Hunted

MY MOVEMENTS WERE wooden as I slid down out of the SUV, the frigid air in the parking garage smacking me in the face like a cruel fist. The bitter cold rekindled the ache in my bruised and swollen cheek, making my eyes water. I raised a hand to wipe the back of my glove over my eyes, and winced as the pain in my lip flared back to life. After eight years I’d forgotten how much it sucked to heal like a mundane, injuries lingering for weeks rather than a few days at most.

 

The pills I’d downed before leaving Holbrook’s house were already starting to wear off, and the pain was eating up what little energy I had left. As enjoyable as it had been, our romp on the back deck hadn’t helped much either. I was stuck in a sucky kind of limbo where my lycanthrope metabolism was burning through the painkillers but wasn’t able to help speed my healing. Curling one arm around my ribs, I shuffled along, my breath a hissing wheeze that made me sound as though I’d been smoking a pack a day for thirty years.

 

“You sure you’re up to this?”

 

I looked up from the scuffed toes of my boots to find Holbrook standing close. I hadn’t noticed him come around the vehicle, his hand hovering near my elbow without touching, ready and waiting in case I needed his support. The pills he’d forced down my throat hadn’t been able to insulate me against the pain that throbbed in my ribs every time we hit a bump, but they’d effectually dulled the rest of my senses. If the renewed ache in my chest was anything to go by, I think it was a safe assumption that the trip from his house had been filled with nothing but potholes.

 

While his doting white knight act was sweet and should have made my toes curl with giddy schoolgirl affection, I instead bristled at needing his help in the first place. It was unfair of me to resent him seeing me vulnerable, but I’d had to be self-sufficient for so long that it was hard for me to admit that I wasn’t quite as much of a badass as I’d believed. It was jarring and disconcerting to realize that the painkillers had dulled my senses and muddled my mind to the extent that he could sidle up on me so easily, however unintentional it might have been. My thoughts were foggy, and I felt out of touch with my senses, but I doubted that I’d be able to move much at all without the drugs to smother the pain.

 

“I’m fine.”

 

Ignoring the safety of Holbrook’s proffered hand, I continued to shuffle my way towards the door leading into the building. Although it was no more than twenty feet or so from the SUV, I was already breathless and covered in a sheen of sweat by the time we reached the door.

 

I guess whatever Alyssa pumped me full of last night has finally run its course.

 

Under the guise of waiting for Holbrook to fish his security badge out of his pocket, I leaned back against the wall, the chill from the concrete bricks seeping through my borrowed coat and shirt to cool my clammy skin. My head was spinning from the exertion of walking the short distance, my mouth flooded with saliva as I fought off a wave of nausea. I regretted the coffee I had nursed on our drive over, the giant cup of Starbucks churning like acid in my stomach.

 

Refusing to let the pain win and send me running off with my tail between my legs, I clenched my jaw against the desire to whimper like a wounded pup. I almost sagged in relief when the door buzzed and he pulled it open, releasing a flood of warm air that eased some of the chill in my cheeks. I pushed away from the wall with a grunt and ambled through the door as fast as my shaking legs could carry me.

 

I followed Holbrook’s familiar silhouette in a daze, tracking him by the ever present eddy of crackling energy that he left in his wake as much as the scent of his skin.

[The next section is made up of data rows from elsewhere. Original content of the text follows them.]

(* Let $B$ be a normalized finite Blaschke product of degree $n$ with exactly one critical value. Then the monodromy group $G_B$ associated with $B$ is a cyclic group of order $n$.
   Context: A finite Blaschke product of degree $d$ is $B(z)=\gamma\prod_{j=1}^d \frac{z-a_j}{1-\overline{a_j}z}$ with $a_j\in\mathbb{D}$ and $|\gamma|=1$. It is normalized if $B(0)=0$, $B'(0)>0$, and $B(a)=0$ implies $B'(a)\neq 0$. Let $S$ be the set of critical points of $B$ in $\mathbb{D}$ and $B(S)$ the set of critical values. Since $0\notin B(S)$, $B^{-1}$ has $n$ distinct local branches $g_1,\dots,g_n$ near $0$ (with $g_1(0)=0$). The monodromy group $G_B$ is the group of permutations of $\{g_1,\dots,g_n\}$ induced by analytic continuation of these branches along closed loops in $\mathbb{D}\setminus B(S)$ based at $0$. *)

theory Defs
  imports "HOL-Complex_Analysis.Complex_Analysis" "HOL-Algebra.Elementary_Groups"
begin

definition blaschke :: "complex \<Rightarrow> complex list \<Rightarrow> complex \<Rightarrow> complex" where
  "blaschke c as z = c * (\<Prod>a\<leftarrow>as. (z - a) / (1 - cnj a * z))"

definition normalized_blaschke :: "complex \<Rightarrow> complex list \<Rightarrow> bool" where
  "normalized_blaschke c as \<longleftrightarrow>
     norm c = 1 \<and> (\<forall>a\<in>set as. norm a < 1) \<and>
     blaschke c as 0 = 0 \<and>
     Im (deriv (blaschke c as) 0) = 0 \<and> Re (deriv (blaschke c as) 0) > 0 \<and>
     (\<forall>a\<in>ball 0 1. blaschke c as a = 0 \<longrightarrow> deriv (blaschke c as) a \<noteq> 0)"

definition crit_points :: "(complex \<Rightarrow> complex) \<Rightarrow> complex set" where
  "crit_points B = {z \<in> ball 0 1. deriv B z = 0}"

definition crit_values :: "(complex \<Rightarrow> complex) \<Rightarrow> complex set" where
  "crit_values B = B ` crit_points B"

text \<open>Analytic continuation of the family of function elements (f t, U t), t in [0,1],
  along the path p (standard definition: neighbouring elements have equal germs).\<close>
definition analytic_continuation_along ::
  "(real \<Rightarrow> complex) \<Rightarrow> (real \<Rightarrow> complex \<Rightarrow> complex) \<Rightarrow> (real \<Rightarrow> complex set) \<Rightarrow> bool" where
  "analytic_continuation_along p f U \<longleftrightarrow>
     (\<forall>t\<in>{0..1}. open (U t) \<and> p t \<in> U t \<and> f t holomorphic_on U t \<and>
        (\<exists>d>0. \<forall>s\<in>{0..1}. \<bar>s - t\<bar> < d \<longrightarrow>
            p s \<in> U t \<and>
            (\<exists>e>0. ball (p s) e \<subseteq> U s \<inter> U t \<and> (\<forall>z\<in>ball (p s) e. f s z = f t z))))"

definition local_inverse_at_0 :: "(complex \<Rightarrow> complex) \<Rightarrow> (complex \<Rightarrow> complex) \<Rightarrow> complex set \<Rightarrow> bool" where
  "local_inverse_at_0 B g V \<longleftrightarrow> (\<exists>r>0. ball 0 r \<subseteq> V \<and> (\<forall>z\<in>ball 0 r. B (g z) = z))"

text \<open>The fibre B^{-1}(0) in the disc; the local branches g_1..g_n of B^{-1} near 0
  are in bijection with it via g \<mapsto> g 0 (a local inverse is determined by its value at 0).\<close>
definition fibre0 :: "(complex \<Rightarrow> complex) \<Rightarrow> complex set" where
  "fibre0 B = {w \<in> ball 0 1. B w = 0}"

text \<open>Permutations of the branches (identified with their values at 0) induced by
  analytic continuation along closed loops at 0 in D minus the critical values.\<close>
definition monodromy_perms :: "(complex \<Rightarrow> complex) \<Rightarrow> (complex \<Rightarrow> complex) set" where
  "monodromy_perms B = {\<sigma>. \<exists>p. path p \<and> pathstart p = 0 \<and> pathfinish p = 0 \<and>
      path_image p \<subseteq> ball 0 1 - crit_values B \<and>
      (\<forall>w\<in>fibre0 B. \<exists>f U. analytic_continuation_along p f U \<and>
           local_inverse_at_0 B (f 0) (U 0) \<and> f 0 0 = w \<and> f 1 0 = \<sigma> w) \<and>
      (\<forall>w. w \<notin> fibre0 B \<longrightarrow> \<sigma> w = w)}"

definition monodromy_group :: "(complex \<Rightarrow> complex) \<Rightarrow> (complex \<Rightarrow> complex) monoid" where
  "monodromy_group B = \<lparr>carrier = monodromy_perms B, monoid.mult = (\<circ>), one = id\<rparr>"

end

theory Submission
  imports Defs "HOL-Computational_Algebra.Fundamental_Theorem_Algebra"
begin

text \<open>Write phi a z = (z - a) / (1 - cnj a * z) for the Blaschke factor at a and let v be the
  only critical value of B.  Then phi v o B is again a Blaschke product lam * prod_z phi z ^ k z.
  If it had two distinct zeros, its logarithmic derivative, cleared of denominators, would be a
  nonconstant self-reciprocal polynomial without zeros on the unit circle; a zero of it inside the
  disc is a critical point of B whose value is not v.  Hence phi v (B x) = lam * phi b x ^ n.

  So the fibre of B over 0 is the set of w with lam * phi b w ^ n = - v.  Continuing a branch
  of the inverse of B along a loop continues phi b of it as an n-th root of (phi v) / lam, which
  can only change by an n-th root of unity; conversely the loop winding k times around v
  multiplies phi b by cis (2 pi k / n).  The monodromy group is therefore the group of these
  rotations of the fibre, isomorphic to the n-th roots of unity.\<close>

section \<open>Blaschke factors\<close>

definition blaschke_factor :: "complex \<Rightarrow> complex \<Rightarrow> complex" where
  "blaschke_factor a z = (z - a) / (1 - cnj a * z)"

lemma norm_blaschke_denom_square_diff:
  "cmod (1 - cnj a * z)^2 - cmod (z - a)^2 = (1 - cmod z^2) * (1 - cmod a^2)"
proof -
  have "complex_of_real (cmod (1 - cnj a * z)^2 - cmod (z - a)^2) = of_real ((1 - cmod z^2) * (1 - cmod a^2))"
    by (simp only: of_real_diff of_real_mult of_real_1 complex_norm_square complex_cnj_diff
        complex_cnj_mult complex_cnj_one complex_cnj_cnj) (simp add: algebra_simps)
  then show ?thesis using of_real_eq_iff by blast
qed

lemma blaschke_denom_nonzero: "cmod a < 1 \<Longrightarrow> cmod z \<le> 1 \<Longrightarrow> 1 - cnj a * z \<noteq> 0"
proof
  assume "cmod a < 1" "cmod z \<le> 1" "1 - cnj a * z = 0"
  then have "cmod (cnj a * z) = 1" by simp
  moreover have "cmod (cnj a * z) \<le> cmod a" using \<open>cmod z \<le> 1\<close> by (simp add: norm_mult mult_left_le)
  ultimately show False using \<open>cmod a < 1\<close> by simp
qed

lemma one_minus_cnj_mult_self_nonzero: "cmod a < 1 \<Longrightarrow> 1 - cnj a * a \<noteq> 0"
  using blaschke_denom_nonzero[of a a] by simp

I came to a swaying stop and was surprised to see that we were standing in the doorway of Santos’s office. Somewhere between the parking garage and the division chief’s office my brain had checked out, leaving me disoriented and confused. I wobbled on my feet for a moment, and reached out for the door frame to steady myself, trying to ignore the tremble in my hands and the sweat that slicked my palms.

 

Crap on a cracker, that’s not good, I thought, struggling to clear some of the fogginess from my mind while wiping my hands off on my jeans.

 

Considering that I had a psychotic werewolf on my tail, and had added an FBI agent to the list of people that wanted to see me dead, my lack of focus wasn’t a good thing. Blinking rapidly as if the action could help to brush away the cobwebs, my gaze settled on Santos and I was struck by the barely restrained anger radiating from him.

 

He seemed to loom larger than the last time I’d seen him, the muscles in his shoulders straining against the cotton of his shirt, his hands curled into fists at his sides. Looking closer, I could see a thick vein in his neck pulsing furiously. A bitter smell, like stale coffee sizzling on a red hot stove, rolled off him in waves, and it took a tremendous amount of effort not to wilt beneath the weight of his stare.

 

“Excuse my language, Ms. Cray, but where the fuck have you been?” he asked, his face flushed crimson.

 

“I…what?” I floundered, taken aback by his flare of anger.